Cyst: A renal cyst is a pocket of fluid that forms in the kidneys. The most common are simple (or solitary) cysts. They cause no complications or symptoms. The vast majority is not cancerous, but some can disrupt the functioning of the organ and cause pain.

Polycystic disease: an inherited disease characterized by the development of a multitude of renal cysts. This condition can lead to increased blood pressure and kidney failure.

Malignant neoplasms 

Kidney cancer: It accounts for about 3% of cancers and affects twice as many men as women. Cancer appears when certain kidney cells transform, multiply in an exaggerated and uncontrolled way and form a malignant tumor. In the majority of cases, kidney cancer is detected incidentally during an abdominal examination.

Treatments and kidney prevention

Prevention. Protecting your kidneys is essential. Although it is impossible to completely prevent certain diseases, healthy lifestyle habits can nevertheless reduce the risks. In general, well hydrated (at least 2 liters per day) and control its salt intake (through diet and sports) are beneficial for kidney function.

Other more specific measures are recommended to reduce the risks or prevent recurrence of kidney stones.
In the case of kidney failure, the two main causes are diabetes (type 1 and 2) as well as high blood pressure. Good control of these diseases greatly reduces the risk of progression to a case of insufficiency. Other behaviors, such as avoiding alcohol, drug, and drug abuse, can keep the disease away.

Kidney cancer. The main risk factors are smoking, overweight or obesity, and non-dialysis treatment for more than three years. These conditions can promote the development of cancer.

Examinations of the kidneys

Laboratory tests: the determination of certain substances in the blood and urine allow evaluation of renal function. This is the case, for example, for creatinine, urea, and proteins. In the case of pyelonephritis, a cytobacteriological examination of the urine (ECBU) is prescribed to determine the germs involved in the infection and thus adapt the treatment.

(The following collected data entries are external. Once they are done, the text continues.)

lemma glue_walks_in_hom_cycles:
  assumes sym: "\<And>a b. E a b \<Longrightarrow> E b a" and p: "p \<in> walks V E m1 z y" and q: "q \<in> walks V E m2 z y"
    and "0 < m2"
  shows "glue_walks m1 m2 p q \<in> hom_cycles V E (m1 + m2)"
proof -
  let ?n = "m1 + m2" and ?x = "glue_walks m1 m2 p q"
  have x: "?x i = (if i \<le> m1 then p i else q (?n - i))" if "i < ?n" for i
    using that by (simp add: glue_walks_def)
  have "E (?x i) (?x (Suc i mod ?n))" if i: "i < ?n" for i
  proof (cases "i < m1")
    case True
    then show ?thesis using p x i \<open>0 < m2\<close> by (simp add: walks_def)
  next
    case False
    have "?x i = q (Suc (?n - Suc i))" using False x[OF i] p q i by (auto simp: walks_def Suc_diff_Suc)
    moreover have "?x (Suc i mod ?n) = q (?n - Suc i)"
    proof (cases "Suc i < ?n")
      case True then show ?thesis using False x by simp
    next
      case False then have "Suc i = ?n" using i by simp
      then show ?thesis using x[of 0] p q \<open>0 < m2\<close> by (simp add: walks_def)
    qed
    moreover have "?n - Suc i < m2" using False i by simp
    ultimately show ?thesis using q sym by (simp add: walks_def)
  qed
  moreover have "?x \<in> {0..<?n} \<rightarrow>\<^sub>E V" using p q by (force simp: glue_walks_def walks_def PiE_iff)
  ultimately show ?thesis by (simp add: hom_cycles_def)
qed

lemma restrict_glue_walks:
  assumes "p \<in> walks V E m1 z y" and "0 < m2"
  shows "restrict (glue_walks m1 m2 p q) {0..m1} = p"
  using assms by (auto simp: glue_walks_def walks_def PiE_def extensional_def fun_eq_iff)

lemma reversed_tail_glue_walks:
  assumes p: "p \<in> walks V E m1 z y" and q: "q \<in> walks V E m2 z y" and "0 < m2"
  shows "reversed_tail (m1 + m2) m2 (glue_walks m1 m2 p q) = q"
proof
  fix i
  let ?n = "m1 + m2"
  consider "i = 0" | "i = m2" | "0 < i" "i < m2" | "m2 < i" by linarith
  then show "reversed_tail ?n m2 (glue_walks m1 m2 p q) i = q i"
  proof cases
    case 1 then show ?thesis using p q \<open>0 < m2\<close> by (simp add: reversed_tail_def glue_walks_def walks_def)
  next
    case 2 then show ?thesis using p q \<open>0 < m2\<close> by (simp add: reversed_tail_def glue_walks_def walks_def)
  next
    case 3
    then have "(?n - i) mod ?n = ?n - i" "\<not> ?n - i \<le> m1" by auto
    then show ?thesis using 3 by (simp add: reversed_tail_def glue_walks_def)
  next
    case 4
    have "q i = undefined" using q 4 by (intro PiE_arb[of q "{0..m2}" "\<lambda>_. V"]) (auto simp: walks_def)
    then show ?thesis using 4 by (simp add: reversed_tail_def)
  qed
qed

lemma inj_on_restrict_reversed_tail:
  assumes "n \<le> m1 + m2 + 1"
  shows "inj_on (\<lambda>x. (restrict x {0..m1}, reversed_tail n m2 x)) (hom_cycles V E n)"
proof
  fix x y assume x: "x \<in> hom_cycles V E n" and y: "y \<in> hom_cycles V E n"
    and eq: "(restrict x {0..m1}, reversed_tail n m2 x) = (restrict y {0..m1}, reversed_tail n m2 y)"
  show "x = y"
  proof
    fix i
    consider "i \<le> m1" | "m1 < i" "i < n" | "n \<le> i" by linarith
    then show "x i = y i"
    proof cases
      case 1 then show ?thesis using fun_cong[OF arg_cong[OF eq, of fst], of i] by simp
    next
      case 2
      then have "n - i \<le> m2" "(n - (n - i)) mod n = i" using assms by auto
      then show ?thesis using fun_cong[OF arg_cong[OF eq, of snd], of "n - i"]
        by (simp add: reversed_tail_def)
    next
      case 3
      have "x \<in> {0..<n} \<rightarrow>\<^sub>E V" "y \<in> {0..<n} \<rightarrow>\<^sub>E V" using x y by (simp_all add: hom_cycles_def)
      then show ?thesis using 3 PiE_arb[of x] PiE_arb[of y] by simp
    qed
  qed
qed

lemma card_hom_cycles_split:
  assumes G: "graph V E" and "0 < m2"
  shows "card (hom_cycles V E (m1 + m2))
    = (\<Sum>z\<in>V. \<Sum>y\<in>V. card (walks V E m1 z y) * card (walks V E m2 z y))"
proof -
  let ?n = "m1 + m2"
  have sym: "\<And>a b. E a b \<Longrightarrow> E b a" and fin: "finite V" using G by (auto simp: graph_def)
  define F where "F x = (x 0, x m1, restrict x {0..m1}, reversed_tail ?n m2 x)" for x :: "nat \<Rightarrow> 'a"
  define T where "T = (SIGMA z:V. SIGMA y:V. walks V E m1 z y \<times> walks V E m2 z y)"
  have "inj_on F (hom_cycles V E ?n)"
    using inj_on_restrict_reversed_tail[of ?n m1 m2 V E] by (auto simp: inj_on_def F_def)
  moreover have "F ` hom_cycles V E ?n = T"
  proof
    show "F ` hom_cycles V E ?n \<subseteq> T"
    proof
      fix t assume "t \<in> F ` hom_cycles V E ?n"
      then obtain x where x: "x \<in> hom_cycles V E ?n" and t: "t = F x" by blast
      have "(?n - m2) mod ?n = m1" using \<open>0 < m2\<close> by simp
      then show "t \<in> T"
        using restrict_hom_cycle_in_walks[OF x, of m1] reversed_tail_in_walks[OF sym x, of m2]
          hom_cyclesD(1)[OF x] \<open>0 < m2\<close> by (auto simp: T_def F_def t)
    qed
    show "T \<subseteq> F ` hom_cycles V E ?n"
    proof
      fix t assume "t \<in> T"
      then obtain z y p q where t: "t = (z, y, p, q)"
        and p: "p \<in> walks V E m1 z y" and q: "q \<in> walks V E m2 z y"
        by (auto simp: T_def)
      let ?x = "glue_walks m1 m2 p q"
      have prefix: "restrict ?x {0..m1} = p" by (rule restrict_glue_walks[OF p \<open>0 < m2\<close>])
      have "?x 0 = z" "?x m1 = y" using fun_cong[OF prefix, of 0] fun_cong[OF prefix, of m1] p
        by (auto simp: walks_def)
      then have "t = F ?x"
        using prefix reversed_tail_glue_walks[OF p q \<open>0 < m2\<close>]
        by (simp add: t F_def)
      then show "t \<in> F ` hom_cycles V E ?n"
        using glue_walks_in_hom_cycles[OF sym p q \<open>0 < m2\<close>] by blast
    qed
  qed
  ultimately have "card (hom_cycles V E ?n) = card T" by (metis card_image)
  also have "\<dots> = (\<Sum>z\<in>V. \<Sum>y\<in>V. card (walks V E m1 z y) * card (walks V E m2 z y))"
    unfolding T_def using fin by (simp add: card_SigmaI finite_walks card_cartesian_product)
  finally show ?thesis .
qed

definition hom_even :: "'a set \<Rightarrow> ('a \<Rightarrow> 'a \<Rightarrow> bool) \<Rightarrow> nat \<Rightarrow> real" where
  "hom_even V E j = real (hom_C V E (2 * j))"

lemma hom_even_eq_sum_walks_sq:
  assumes G: "graph V E"
  shows "hom_even V E j = (\<Sum>z\<in>V. \<Sum>y\<in>V. (real (card (walks V E j z y)))\<^sup>2)"
proof (cases "j = 0")
  case True
  have "(\<Sum>z\<in>V. \<Sum>y\<in>V. (real (card (walks V E 0 z y)))\<^sup>2) = (\<Sum>z\<in>V. \<Sum>y\<in>V. if z = y then 1 else 0)"
    by (intro sum.cong refl) (simp add: card_walks_0)
  also have "\<dots> = real (card V)" using G by (simp add: graph_def)
  finally show ?thesis using True by (simp add: hom_even_def hom_C_def)
next
  case False
  then have "hom_C V E (2 * j) = card (hom_cycles V E (j + j))" by (simp add: hom_C_def mult_2)
  then show ?thesis using card_hom_cycles_split[OF G, of j j] False
    by (simp add: hom_even_def power2_eq_square)
qed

Biopsy: an examination that involves taking a sample of the kidney with a needle. The removed piece is examined microscopically and/or biochemically for cancer.

imagery 

Ultrasound: an imaging technique that relies on the use of ultrasound to visualize the internal structure of an organ. The ultrasound of the urinary system allows visualizing the kidneys but also the ureters and the bladder. It is used to highlight, among other things, renal malformation, insufficiency, pyelonephritis (associated with ECBU) or renal calculus.

MRI (Magnetic Resonance Imaging): a diagnostic medical examination performed using a large cylindrical device in which a magnetic field and radio waves are produced. It provides very accurate images in all dimensions of the urinary tract in the case of an MRI of the abdominopelvic area. It is especially used to characterize a tumor or to make a diagnosis of cancer.

Intravenous Urography: A radiological examination that visualizes the entire urinary tract (kidneys, bladder, ureters, and urethra) after injecting an opaque X-ray product that concentrates in the urine. This technique can be used especially in cases of lithiasis or to compare the functioning of the kidneys.

Renal scintigraphy: This is an imaging technique that involves administering to the patient a radioactive tracer, which spreads in the kidneys. This test is used to measure the renal function of the kidneys, to visualize the morphology or to evaluate the sequelae of pyelonephritis.